The type of lecithin also had a significant effect on the particle size and distribution. The liposomes from SL-PC were the smallest with the narrowest distributions (DH: 195–250 nm; PDI: 0.17–0.32), followed by those of SL (DH: 219–293 nm; PDI: 0.27–0.33) and SFL (DH: 179–294 nm; PDI: 0.25–0.36). The phospholipid composition of each lecithin gave rise to distinct liposomal topologies [30]. The high concentration of phosphatidylcholine (PC: 74%) of SL-PC could lead to liposomes with more homogeneous, cohesive and stable lipid membranes. PC has relatively large head groups, which promotes the spontaneous formation of lipid bilayers, defining the specific membrane curvature and the shape of the liposomes [31]. In contrast, the SL and the SFL, with a lower concentration of PC, present other phospholipid and nonphospholipid impurities (amino acids, free fatty acids), giving rise to liposomal membranes of mixed composition, probably less cohesive and more fluid, which is generally reflected in a higher DH and a greater variation in the size distribution (higher PDI). As is well known, the physicochemical properties of liposomes are dictated by their lipid composition, since each phospholipid has a different molecular structure and geometry that mark the structural characteristics of the liposomes. The specific membrane packing parameter is mainly determined by the size of the head groups and hydrophobic tails [31]. Thus, longer-chain phospholipids generate liposomes with good cohesion due to the greater attraction force of van der Waals between the chains.

Regardless of the CA:LEC ratio in the systems, the incorporation of carvacrol led to a reduction in the liposomal size, which was especially notable in the SL and SFL liposomes, whereas the size of SL-PC liposomes was less sensitive to the carvacrol load. The size reduction provoked by the carvacrol load is coherent with changes in molecular interactions within the membrane introduced by the phenolic compound. These promoted membrane reorganisations and subsequent changes in DH and PDI. Similar results were reported for liposomes from sunflower seed lecithin, with 20% of PC-encapsulating carvacrol [23]. In contrast, the liposome encapsulation of eugenol led to an increase in liposomal size due to different changes in molecular interactions associated with its molecular structure [11,12]. The changes in both size and ζ-potential depended on the molecular structure (size and shape), polarity and chemical affinity of the loaded phenolic compounds [32,33]. Thus, phenolic compounds with several phenolic hydroxyl groups can interact cooperatively with lipid polar heads, inducing conformational changes in the membranes [34]. In contrast, more hydrophobic molecules can interact with the acyl chains of the bilayer inside the lipid membrane, which could provoke a decrease in the liposome size. Furthermore, changes in the fluidity of the membrane can explain the liposome size change [35,36].

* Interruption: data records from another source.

lemma fully_faithful_comp_cancel:
  assumes F: "endofunctor C Fo Fm" and G: "endofunctor C Go Gm" and "faithful C Gm"
    and GF: "fully_faithful C (\<lambda>y. Go (Fo y)) (\<lambda>g. Gm (Fm g))"
  shows "fully_faithful C Fo Fm"
  unfolding fully_faithful_def
proof (intro ballI)
  fix y z assume "y \<in> Obj C" "z \<in> Obj C"
  then have GF_bij: "bij_betw (Gm \<circ> Fm) (hom C y z) (hom C (Go (Fo y)) (Go (Fo z)))"
    using GF unfolding fully_faithful_def comp_def by blast
  have F_img: "Fm ` hom C y z \<subseteq> hom C (Fo y) (Fo z)"
    using endofunctor_hom[OF F] by blast
  have "Gm ` hom C (Fo y) (Fo z) = hom C (Go (Fo y)) (Go (Fo z))"
  proof
    show "Gm ` hom C (Fo y) (Fo z) \<subseteq> hom C (Go (Fo y)) (Go (Fo z))"
      using endofunctor_hom[OF G] by blast
    have "hom C (Go (Fo y)) (Go (Fo z)) = Gm ` Fm ` hom C y z"
      using bij_betw_imp_surj_on[OF GF_bij] by (simp add: image_comp)
    then show "hom C (Go (Fo y)) (Go (Fo z)) \<subseteq> Gm ` hom C (Fo y) (Fo z)"
      using image_mono[OF F_img] by simp
  qed
  moreover have "inj_on Gm (hom C (Fo y) (Fo z))"
    using \<open>faithful C Gm\<close> unfolding faithful_def by blast
  ultimately have G_bij: "bij_betw Gm (hom C (Fo y) (Fo z)) (hom C (Go (Fo y)) (Go (Fo z)))"
    unfolding bij_betw_def by blast
  show "bij_betw Fm (hom C y z) (hom C (Fo y) (Fo z))"
    using bij_betw_comp_iff2[OF G_bij F_img] GF_bij by simp
qed

lemma fully_faithful_reflects_retraction:
  assumes F: "endofunctor C Fo Fm" and ff: "fully_faithful C Fo Fm" and f: "f \<in> hom C a b"
    and r: "r \<in> hom C (Fo b) (Fo a)" and rf: "Cmp C r (Fm f) = Idm C (Fo a)"
  obtains s where "s \<in> hom C b a" "Cmp C s f = Idm C a"
proof -
  have a: "a \<in> Obj C" and b: "b \<in> Obj C" using hom_Obj[OF f] by auto
  then obtain s where s: "s \<in> hom C b a" "Fm s = r"
    using ff r unfolding fully_faithful_def bij_betw_def by (metis imageE)
  have "Fm (Cmp C s f) = Fm (Idm C a)"
    using F f s a rf unfolding endofunctor_def by metis
  then have "Cmp C s f = Idm C a"
    using ff a comp_hom[OF f s(1)] id_hom[OF a]
    unfolding fully_faithful_def bij_betw_def inj_on_def by blast
  then show thesis using that s(1) by blast
qed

The values of the ζ-potential were highly negative in the obtained liposomal dispersions, which is associated with a high degree of stability, since repulsive electrostatic forces are promoted against attractive van der Waal forces [19]. The ζ-potential was significantly affected by the type of lecithin and CA load (p < 0.05). In this sense, different values were obtained for each type of lecithin; SL liposomes (−52, −57 mV) had the highest absolute value, followed by SL-PC liposomes (−43, −50 mV) and SFL liposomes (−33, −38 mV). CA incorporation enhanced the negative charge of the liposomes, probably due to the membrane changes associated with the carvacrol load, which can promote the greater exposure of negative charges.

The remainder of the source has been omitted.